- _What is being asked_
Compute the number of lines in the following data that include the word "abstractionD", and output that number alone.

[[ Working data open ]]

(* Let $\zeta_5$ be a primitive $5$-th root of unity. (1) $\left\{\mathcal{S}_{\frac{r}{s}}(\zeta_5) : \tfrac{r}{s}>0\right\}=\{0,\ c,\ (1+\zeta_5)c,\ (1-\zeta_5^2)c : c=\pm\zeta_5^j,\ j=0,1,\dots,4\}$. (2) For coprime positive integers $r,s$, $\mathcal{S}_{\frac{r}{s}}(\zeta_5)=0$ if and only if $s\in 5\mathbb{Z}$ and $r\equiv 1$ or $4 \pmod 5$.
   Context: Let $q$ be a formal parameter, $R_q=\begin{pmatrix} q & 1\\ 0 & 1\end{pmatrix}$, $S_q=\begin{pmatrix} 0 & -q^{-1}\\ 1 & 0\end{pmatrix}$, and for integers $c_1,\dots,c_k$ put $M_q(c_1,\dots,c_k)=R_q^{c_1}S_qR_q^{c_2}S_q\cdots R_q^{c_k}S_q$. Every irreducible fraction $\frac{r}{s}>1$ ($r,s$ positive coprime integers) has a unique negative (Hirzebruch–Jung) continued fraction expansion $\frac{r}{s}=c_1-\cfrac{1}{c_2-\cfrac{1}{\ddots-\cfrac{1}{c_k}}}$ with all $c_i\ge 2$; for such $\frac rs$ define polynomials $\mathcal{R}_{\frac rs}(q),\mathcal{S}_{\frac rs}(q)$ as the first column of $M_q(c_1,\dots,c_k)$, i.e. $M_q(c_1,\dots,c_k)=\begin{pmatrix}\mathcal{R}_{\frac rs}(q) & *\\ \mathcal{S}_{\frac rs}(q) & *\end{pmatrix}$. For an arbitrary rational number $x=\frac rs$ (in lowest terms, $s>0$), define $\mathcal{S}_x(q):=\mathcal{S}_{x+m}(q)$ for any integer $m$ with $x+m>1$ (this is independent of $m$); equivalently $\mathcal{S}_x$ is the denominator, normalized to lie in $\mathbb{Z}[q]$ with constant term $1$, of the $q$-deformed rational $[x]_q$ defined by $[x]_q=\mathcal{R}_x/\mathcal{S}_x$ for $x>1$ and $[x+1]_q=q[x]_q+1$. *)

theory Defs
  imports Complex_Main
begin

text \<open>2x2 matrices as quadruples (a,b,c,d) = [[a,b],[c,d]].\<close>
type_synonym mat2 = "complex \<times> complex \<times> complex \<times> complex"

definition mmul :: "mat2 \<Rightarrow> mat2 \<Rightarrow> mat2" where
  "mmul A B = (case A of (a,b,c,d) \<Rightarrow> case B of (e,f,g,h) \<Rightarrow>
      (a*e + b*g, a*f + b*h, c*e + d*g, c*f + d*h))"

definition mid :: mat2 where "mid = (1,0,0,1)"

fun mpow :: "mat2 \<Rightarrow> nat \<Rightarrow> mat2" where
  "mpow A 0 = mid"
| "mpow A (Suc n) = mmul A (mpow A n)"

definition Rq :: "complex \<Rightarrow> mat2" where "Rq q = (q, 1, 0, 1)"
definition Sq :: "complex \<Rightarrow> mat2" where "Sq q = (0, - inverse q, 1, 0)"

fun Mq :: "complex \<Rightarrow> int list \<Rightarrow> mat2" where
  "Mq q [] = mid"
| "Mq q (c # cs) = mmul (mmul (mpow (Rq q) (nat c)) (Sq q)) (Mq q cs)"

fun hj_val :: "int list \<Rightarrow> rat" where
  "hj_val [] = 0"
| "hj_val [c] = of_int c"
| "hj_val (c # cs) = of_int c - 1 / hj_val cs"

definition hj_expansion :: "rat \<Rightarrow> int list" where
  "hj_expansion x = (THE cs. cs \<noteq> [] \<and> (\<forall>c\<in>set cs. c \<ge> 2) \<and> hj_val cs = x)"

text \<open>S_x(q) for x > 1: lower-left entry (first column, second row) of M_q.\<close>
definition S_gt1 :: "complex \<Rightarrow> rat \<Rightarrow> complex" where
  "S_gt1 q x = fst (snd (snd (Mq q (hj_expansion x))))"

text \<open>S_x(q) for arbitrary rational x: S_{x+m} with x+m > 1; we take m = 2 - floor x.\<close>
definition S_rat :: "complex \<Rightarrow> rat \<Rightarrow> complex" where
  "S_rat q x = S_gt1 q (x + of_int (2 - \<lfloor>x\<rfloor>))"

end

theory Submission
  imports Defs
begin

(*
  Modulo the unit scalars \<plusminus>\<zeta>^j, the matrices R_\<zeta> and S_\<zeta> act on first columns exactly as
  [[1,1],[0,1]] and [[0,-1],[1,0]] act on (Z/5)^2: since R_\<zeta>^5 = 1 and S_\<zeta>^2 is a unit scalar,
  the image of the modular group is PSL_2(F_5). Hence the first column (R_{r/s}(\<zeta>), S_{r/s}(\<zeta>))
  of M_\<zeta> is a unit times a vector depending only on (r mod 5, s mod 5). This is checked by a
  finite computation in Z[\<zeta>] on a table of 25 vectors, whose second entries are 0 exactly
  for s \<equiv> 0, r \<equiv> \<plusminus>1 and are unit multiples of 1, 1 + \<zeta> or 1 - \<zeta>^2 otherwise.
  Conversely every such value occurs, because prepending 3, 5 to a continued fraction multiplies
  S by -\<zeta>^4, which generates the ten units.
*)

datatype cyc5 = Cyc5 int int int int int

fun cyc5_eval :: "complex \<Rightarrow> cyc5 \<Rightarrow> complex" where
  "cyc5_eval z (Cyc5 a b c d e) = of_int a + of_int b * z + of_int c * z^2 + of_int d * z^3 + of_int e * z^4"

fun cyc5_add :: "cyc5 \<Rightarrow> cyc5 \<Rightarrow> cyc5" where
  "cyc5_add (Cyc5 a b c d e) (Cyc5 a' b' c' d' e') = Cyc5 (a+a') (b+b') (c+c') (d+d') (e+e')"

fun cyc5_scale :: "int \<Rightarrow> cyc5 \<Rightarrow> cyc5" where
  "cyc5_scale k (Cyc5 a b c d e) = Cyc5 (k*a) (k*b) (k*c) (k*d) (k*e)"

fun cyc5_rot :: "cyc5 \<Rightarrow> cyc5" where
  "cyc5_rot (Cyc5 a b c d e) = Cyc5 e a b c d"

(* A sound test for equality in Z[\<zeta>]: the difference is a multiple of 1 + \<zeta> + ... + \<zeta>^4. *)
fun cyc5_eq :: "cyc5 \<Rightarrow> cyc5 \<Rightarrow> bool" where
  "cyc5_eq (Cyc5 a b c d e) (Cyc5 a' b' c' d' e') \<longleftrightarrow>
     a - a' = b - b' \<and> b - b' = c - c' \<and> c - c' = d - d' \<and> d - d' = e - e'"

definition cyc5_unit :: "int \<times> nat \<Rightarrow> cyc5 \<Rightarrow> cyc5" where
  "cyc5_unit u p = cyc5_scale (fst u) ((cyc5_rot ^^ snd u) p)"
(* Let $(X,\mathcal{X},\mu)$ be a probability space, $(Y,\mathcal{Y})$ a measurable space, $f\colon X\to Y$ a measurable function, and $\mu_f=\mu\circ\mathit{pre}_f\colon\mathcal{Y}\to[0,1]$ the output probability measure. Let $\mathit{pre}^\sharp_f\colon\wp(Y)\to\wp(X)$ satisfy $\mathit{pre}_f(A)\subseteq\mathit{pre}^\sharp_f(A)$ for all $A\subseteq Y$, and let $\uparrow\colon\wp(X)\to\mathcal{X}$ be an abstraction. Define $\mu^\sharp_f=\mu\circ\uparrow\circ\,\mathit{pre}^\sharp_f$. Then $\mu_f(A)\le\mu^\sharp_f(A)$ for all $A\in\mathcal{Y}$, and if $\mathit{pre}^\sharp_f$ and $\uparrow$ are monotone then $\mu^\sharp_f$ is monotone.
   Context: For $f\colon X\to Y$, $\mathit{pre}_f(B)=\{x\in X\mid f(x)\in B\}$; $f$ is measurable if $\mathit{pre}_f(B)\in\mathcal{X}$ for all $B\in\mathcal{Y}$. An abstraction is a function $\uparrow\colon\wp(X)\to\mathcal{X}$ with $S\subseteq\,\uparrow(S)$ for all $S\subseteq X$. A set function $g$ is monotone if $A\subseteq B$ implies $g(A)\subseteq g(B)$ (resp. $g(A)\le g(B)$ for real-valued $g$). *)

theory Defs
  imports "HOL-Probability.Probability"
begin

definition pre :: "'a measure \<Rightarrow> ('a \<Rightarrow> 'b) \<Rightarrow> 'b set \<Rightarrow> 'a set" where
  "pre M f B = {x \<in> space M. f x \<in> B}"

definition abstraction :: "'a measure \<Rightarrow> ('a set \<Rightarrow> 'a set) \<Rightarrow> bool" where
  "abstraction M up \<longleftrightarrow> (\<forall>S. S \<subseteq> space M \<longrightarrow> up S \<in> sets M \<and> S \<subseteq> up S)"

definition set_mono_on :: "'b set \<Rightarrow> ('b set \<Rightarrow> 'c set) \<Rightarrow> bool" where
  "set_mono_on Y g \<longleftrightarrow> (\<forall>A B. A \<subseteq> B \<and> B \<subseteq> Y \<longrightarrow> g A \<subseteq> g B)"

definition mu_sharp :: "'a measure \<Rightarrow> ('a set \<Rightarrow> 'a set) \<Rightarrow> ('b set \<Rightarrow> 'a set) \<Rightarrow> 'b set \<Rightarrow> real" where
  "mu_sharp M up pre_s A = measure M (up (pre_s A))"

end

theory Submission
  imports Defs
begin

text \<open>Both claims reduce to monotonicity of the finite measure \<open>\<mu>\<close> on the measurable
  over-approximation \<open>\<up>(pre\<^sup>\<sharp>\<^sub>f A)\<close>.\<close>

lemma abstractionD:
  assumes "abstraction M up" and "S \<subseteq> space M"
  shows "up S \<in> sets M" and "S \<subseteq> up S"
  using assms unfolding abstraction_def by auto

lemma (in finite_measure) measure_le_mu_sharp:
  assumes "abstraction M up" and "pre_s A \<subseteq> space M" and "S \<subseteq> pre_s A"
  shows "measure M S \<le> mu_sharp M up pre_s A"
proof -
  have "S \<subseteq> up (pre_s A)"
    using abstractionD(2)[OF assms(1,2)] assms(3) by blast
  then show ?thesis
    unfolding mu_sharp_def using finite_measure_mono abstractionD(1)[OF assms(1,2)] by blast
qed

lemma (in finite_measure) mu_sharp_mono:
  assumes "abstraction M up" and "set_mono_on (space M) up"
    and "pre_s A \<subseteq> pre_s B" and "pre_s B \<subseteq> space M"
  shows "mu_sharp M up pre_s A \<le> mu_sharp M up pre_s B"
proof -
  have "up (pre_s A) \<subseteq> up (pre_s B)"
    using assms(2-4) unfolding set_mono_on_def by blast
  then show ?thesis
    unfolding mu_sharp_def using finite_measure_mono abstractionD(1)[OF assms(1,4)] by blast
qed

theorem theorem1:
  fixes M :: "'a measure" and N :: "'b measure" and f :: "'a \<Rightarrow> 'b"
    and pre_s :: "'b set \<Rightarrow> 'a set" and up :: "'a set \<Rightarrow> 'a set"
  assumes "prob_space M"
    and "f \<in> measurable M N"
    and "\<forall>A. A \<subseteq> space N \<longrightarrow> pre_s A \<subseteq> space M"
    and "\<forall>A. A \<subseteq> space N \<longrightarrow> pre M f A \<subseteq> pre_s A"
    and "abstraction M up"
  shows "(\<forall>A \<in> sets N. measure M (pre M f A) \<le> mu_sharp M up pre_s A)
    \<and> (set_mono_on (space N) pre_s \<and> set_mono_on (space M) up \<longrightarrow>
        (\<forall>A B. A \<subseteq> B \<and> B \<subseteq> space N \<longrightarrow> mu_sharp M up pre_s A \<le> mu_sharp M up pre_s B))"
proof -
  interpret prob_space M by fact
  have "measure M (pre M f A) \<le> mu_sharp M up pre_s A" if "A \<in> sets N" for A
  proof -
    have "A \<subseteq> space N"
      using sets.sets_into_space[OF that] .
    then show ?thesis
      using assms(3,4) by (intro measure_le_mu_sharp[OF assms(5)]) auto
  qed
  moreover have "mu_sharp M up pre_s A \<le> mu_sharp M up pre_s B"
    if "set_mono_on (space N) pre_s" "set_mono_on (space M) up" "A \<subseteq> B" "B \<subseteq> space N" for A B
  proof -
    have "pre_s A \<subseteq> pre_s B"
      using that(1,3,4) unfolding set_mono_on_def by simp
    then show ?thesis
      using assms(3) that(4) by (intro mu_sharp_mono[OF assms(5) that(2)]) auto
  qed
  ultimately show ?thesis by blast
qed

end
lemma eval_op_compdelta:
  assumes T: "bl_F T"
  shows "eval_op (compdelta T) = T"
proof (rule bl_F_eqI[OF bl_F_eval_op[OF compdelta_in_Lip0[OF T]] T])
  fix x
  show "eval_op (compdelta T) (delta x) = T (delta x)"
    using compdelta_in_Lip0[OF T]
    by (simp add: eval_op_def delta_in_FY) (simp add: delta_def compdelta_def)
qed

lemma lipnorm_compdelta:
  fixes T :: "(('a::real_normed_vector \<Rightarrow> 'b::real_normed_vector) \<Rightarrow> 'b) \<Rightarrow> 'b"
  assumes T: "bl_F T"
  shows "lipnorm (compdelta T) = opnormF T"
proof (rule antisym)
  show "lipnorm (compdelta T) \<le> opnormF T"
    using lipschitz_on_compdelta[OF T] by (rule lipnorm_le)
  let ?g = "compdelta T"
  show "opnormF T \<le> lipnorm ?g"
    unfolding opnormF_eq
  proof (rule opnorm_on_le[OF gauged_subspace_FY])
    fix \<Phi> :: "('a \<Rightarrow> 'b) \<Rightarrow> 'b"
    assume \<Phi>: "\<Phi> \<in> FY" "opnormL \<Phi> \<le> 1"
    have "T \<Phi> = eval_op ?g \<Phi>"
      by (simp add: eval_op_compdelta[OF T])
    then have "norm (T \<Phi>) = norm (\<Phi> ?g)"
      using \<Phi>(1) by (simp add: eval_op_def)
    also have "\<dots> \<le> opnormL \<Phi> * lipnorm ?g"
      unfolding opnormL_eq
      by (rule norm_le_opnorm_on[OF gauged_subspace_Lip0 bounded_linear_on_FY[OF \<Phi>(1)]
            compdelta_in_Lip0[OF T]])
    also have "\<dots> \<le> lipnorm ?g"
      using mult_right_mono[OF \<Phi>(2) lipnorm_nonneg[OF compdelta_in_Lip0[OF T]]] by simp
    finally show "norm (T \<Phi>) \<le> lipnorm ?g" .
  qed
qed

theorem mainTheorem9:
  fixes X_type :: "'a::banach itself" and Y_type :: "'b::banach itself"
  shows "bij_betw (compdelta :: ((('a \<Rightarrow> 'b) \<Rightarrow> 'b) \<Rightarrow> 'b) \<Rightarrow> 'a \<Rightarrow> 'b)
            {T. bl_F T} Lip0
    \<and> (\<forall>T S c. bl_F T \<longrightarrow> bl_F S \<longrightarrow>
          (compdelta (\<lambda>\<Phi>. T \<Phi> + S \<Phi>) :: 'a \<Rightarrow> 'b) = (\<lambda>x. compdelta T x + compdelta S x)
        \<and> (compdelta (\<lambda>\<Phi>. c *\<^sub>R T \<Phi>) :: 'a \<Rightarrow> 'b) = (\<lambda>x. c *\<^sub>R compdelta T x))
    \<and> (\<forall>T. bl_F T \<longrightarrow> lipnorm (compdelta T :: 'a \<Rightarrow> 'b) = opnormF T)"
proof (intro conjI allI impI)
  show "bij_betw (compdelta :: ((('a \<Rightarrow> 'b) \<Rightarrow> 'b) \<Rightarrow> 'b) \<Rightarrow> 'a \<Rightarrow> 'b) {T. bl_F T} Lip0"
    by (rule bij_betw_byWitness[where f' = eval_op])
      (use eval_op_compdelta compdelta_eval_op compdelta_in_Lip0 bl_F_eval_op in blast)+
next
  fix T :: "(('a \<Rightarrow> 'b) \<Rightarrow> 'b) \<Rightarrow> 'b"
  assume "bl_F T"
  then show "lipnorm (compdelta T) = opnormF T"
    by (rule lipnorm_compdelta)
qed (simp_all add: compdelta_def o_def)
lemma corner_extension_intermediate:
  assumes A: "cstar_subalg A" and B: "cstar_subalg B" and "B \<subseteq> A" and "p \<in> B"
    and p: "projection p" and C: "C \<in> intermediate (corner p B) (corner p A)"
  shows "corner_extension B C \<in> intermediate B A"
proof -
  let ?G = "{b * c * b' | b c b'. b \<in> B \<and> c \<in> C \<and> b' \<in> B}"
  have "cstar z \<in> B \<union> ?G" if z: "z \<in> B \<union> ?G" for z
  proof (cases "z \<in> B")
    case False
    with z obtain b c b' where "z = b * c * b'" "b \<in> B" "c \<in> C" "b' \<in> B"
      by blast
    moreover have "cstar z = cstar b' * cstar c * cstar b"
      using \<open>z = b * c * b'\<close> by (simp add: cstar_mult mult.assoc)
    moreover have "cstar b' \<in> B" "cstar c \<in> C" "cstar b \<in> B"
      using B C \<open>b \<in> B\<close> \<open>c \<in> C\<close> \<open>b' \<in> B\<close> by (simp_all add: intermediate_def cstar_subalg_def)
    ultimately show ?thesis
      by blast
  qed (use B in \<open>simp add: cstar_subalg_def\<close>)
  then have "cstar_subalg (corner_extension B C)"
    unfolding corner_extension_def
    using corner_extension_generators_mult[OF B p C]
    by (intro cstar_subalg_closed_cspan)
  moreover have "B \<subseteq> corner_extension B C"
    unfolding corner_extension_def using closed_cspan_superset by blast
  moreover have "C \<subseteq> A"
    using C corner_subset[OF A, of p] \<open>B \<subseteq> A\<close> \<open>p \<in> B\<close> by (auto simp: intermediate_def)
  then have "b * c * b' \<in> A" if "b \<in> B" "c \<in> C" "b' \<in> B" for b c b'
    using A \<open>C \<subseteq> A\<close> \<open>B \<subseteq> A\<close> that by (blast intro: cstar_subalg_mult)
  then have "B \<union> ?G \<subseteq> A"
    using \<open>B \<subseteq> A\<close> by blast
  then have "corner_extension B C \<subseteq> A"
    unfolding corner_extension_def
    using A by (intro closed_cspan_minimal closed_csubspace_if_cstar_subalg)
  ultimately show ?thesis
    by (simp add: intermediate_def)
qed

lemma corner_corner_extension:
  assumes "1 \<in> B" and p: "projection p" and C: "C \<in> intermediate (corner p B) (corner p A)"
  shows "corner p (corner_extension B C) = C"
proof
  have C_sub: "cstar_subalg C" "corner p B \<subseteq> C" "C \<subseteq> corner p A"
    using C by (simp_all add: intermediate_def)
  show "corner p (corner_extension B C) \<subseteq> C"
  proof
    fix u assume "u \<in> corner p (corner_extension B C)"
    then obtain x where u: "u = p * x * p" and x: "x \<in> corner_extension B C"
      by (auto simp: corner_def)
    show "u \<in> C"
      unfolding u
    proof (rule closed_cspan_sandwich_mem[OF closed_csubspace_if_cstar_subalg[OF C_sub(1)] _
          x[unfolded corner_extension_def]])
      fix y assume "y \<in> B \<union> {b * c * b' | b c b'. b \<in> B \<and> c \<in> C \<and> b' \<in> B}"
      then consider "y \<in> B" | b c b' where "y = b * c * b'" "b \<in> B" "c \<in> C" "b' \<in> B"
        by blast
      then show "p * y * p \<in> C"
      proof cases
        case 1
        then show ?thesis
          using C_sub(2) corner_memI by blast
      next
        case (2 b c b')
        then have "c \<in> corner p A"
          using C_sub(3) by blast
        note c_fixed = corner_fixed(2,3)[OF p this]
        have "p * y * p = p * b * ((p * c) * p) * b' * p"
          unfolding c_fixed \<open>y = b * c * b'\<close> by (simp add: mult.assoc)
        also have "\<dots> = (p * b * p) * c * (p * b' * p)"
          by (simp add: mult.assoc)
        finally have "p * y * p = (p * b * p) * c * (p * b' * p)" .
        moreover have "p * b * p \<in> C" "p * b' * p \<in> C"
          using 2 C_sub(2) corner_memI by blast+
        ultimately show ?thesis
          using C_sub(1) \<open>c \<in> C\<close> by (simp add: cstar_subalg_def)
      qed
    qed
  qed
  show "C \<subseteq> corner p (corner_extension B C)"
  proof
    fix c assume "c \<in> C"
    with \<open>1 \<in> B\<close> have "1 * c * 1 \<in> {b * c * b' | b c b'. b \<in> B \<and> c \<in> C \<and> b' \<in> B}"
      by blast
    then have "c \<in> corner_extension B C"
      using closed_cspan_superset unfolding corner_extension_def by fastforce
    then have "p * c * p \<in> corner p (corner_extension B C)"
      by (rule corner_memI)
    moreover have "c \<in> corner p A"
      using C_sub(3) \<open>c \<in> C\<close> by blast
    ultimately show "c \<in> corner p (corner_extension B C)"
      by (simp add: corner_fixed(1)[OF p])
  qed
qed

[[ Working data closed ]]

- _Your response_
4